# GIVEN ENTRIES
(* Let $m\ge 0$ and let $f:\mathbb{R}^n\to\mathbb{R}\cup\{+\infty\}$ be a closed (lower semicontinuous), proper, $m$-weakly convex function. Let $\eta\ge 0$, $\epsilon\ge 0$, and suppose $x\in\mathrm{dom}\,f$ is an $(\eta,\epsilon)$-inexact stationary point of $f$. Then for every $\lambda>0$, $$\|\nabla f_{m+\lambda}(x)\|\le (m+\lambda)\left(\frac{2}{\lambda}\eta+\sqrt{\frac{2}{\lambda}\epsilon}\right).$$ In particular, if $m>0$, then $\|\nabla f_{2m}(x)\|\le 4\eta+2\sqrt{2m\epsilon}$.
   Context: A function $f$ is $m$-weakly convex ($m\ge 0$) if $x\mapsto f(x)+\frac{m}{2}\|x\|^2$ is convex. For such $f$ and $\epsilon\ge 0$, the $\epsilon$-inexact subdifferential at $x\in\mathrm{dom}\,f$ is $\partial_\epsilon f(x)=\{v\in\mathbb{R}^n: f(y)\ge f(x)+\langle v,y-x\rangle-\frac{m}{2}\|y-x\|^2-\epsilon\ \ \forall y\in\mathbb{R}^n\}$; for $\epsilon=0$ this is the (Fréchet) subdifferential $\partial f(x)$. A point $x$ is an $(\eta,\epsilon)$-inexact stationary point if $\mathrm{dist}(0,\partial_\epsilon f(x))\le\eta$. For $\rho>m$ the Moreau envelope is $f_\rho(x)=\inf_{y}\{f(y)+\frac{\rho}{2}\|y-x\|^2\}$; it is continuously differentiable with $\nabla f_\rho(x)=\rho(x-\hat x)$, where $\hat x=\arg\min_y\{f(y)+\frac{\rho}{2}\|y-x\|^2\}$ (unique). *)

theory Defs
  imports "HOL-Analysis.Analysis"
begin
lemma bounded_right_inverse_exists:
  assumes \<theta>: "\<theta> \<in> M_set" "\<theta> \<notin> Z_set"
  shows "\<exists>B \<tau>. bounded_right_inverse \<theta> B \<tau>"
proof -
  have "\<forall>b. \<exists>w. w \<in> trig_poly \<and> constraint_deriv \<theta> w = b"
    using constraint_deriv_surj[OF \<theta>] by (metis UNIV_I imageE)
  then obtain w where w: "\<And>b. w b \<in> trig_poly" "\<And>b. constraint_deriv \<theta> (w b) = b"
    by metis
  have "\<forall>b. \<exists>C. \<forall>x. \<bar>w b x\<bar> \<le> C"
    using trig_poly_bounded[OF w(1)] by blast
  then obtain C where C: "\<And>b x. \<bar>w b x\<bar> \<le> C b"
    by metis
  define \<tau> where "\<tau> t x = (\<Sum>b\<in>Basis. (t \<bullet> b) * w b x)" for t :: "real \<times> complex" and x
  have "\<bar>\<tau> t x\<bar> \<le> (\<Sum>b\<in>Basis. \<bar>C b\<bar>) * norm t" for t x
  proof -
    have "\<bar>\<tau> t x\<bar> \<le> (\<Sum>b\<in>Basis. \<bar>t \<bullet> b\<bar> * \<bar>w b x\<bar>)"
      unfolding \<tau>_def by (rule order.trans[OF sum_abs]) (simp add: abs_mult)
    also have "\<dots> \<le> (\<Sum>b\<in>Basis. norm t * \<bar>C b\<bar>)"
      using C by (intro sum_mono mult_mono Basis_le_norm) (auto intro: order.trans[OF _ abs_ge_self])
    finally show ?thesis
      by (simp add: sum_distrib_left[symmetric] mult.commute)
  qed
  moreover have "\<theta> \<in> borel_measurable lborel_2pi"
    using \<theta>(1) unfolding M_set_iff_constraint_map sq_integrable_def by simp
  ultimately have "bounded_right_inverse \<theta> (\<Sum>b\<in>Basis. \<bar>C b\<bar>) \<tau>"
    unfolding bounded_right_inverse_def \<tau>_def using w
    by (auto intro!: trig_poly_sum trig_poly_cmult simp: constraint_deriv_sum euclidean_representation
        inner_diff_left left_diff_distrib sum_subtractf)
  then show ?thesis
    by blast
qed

# EXERCISE
Look through the material above. Copy each line where the word "simp" appears.

# EXERCISE OUTPUT
      unfolding \<tau>_def by (rule order.trans[OF sum_abs]) (simp add: abs_mult)
      by (simp add: sum_distrib_left[symmetric] mult.commute)
    using \<theta>(1) unfolding M_set_iff_constraint_map sq_integrable_def by simp
    by (auto intro!: trig_poly_sum trig_poly_cmult simp: constraint_deriv_sum euclidean_representation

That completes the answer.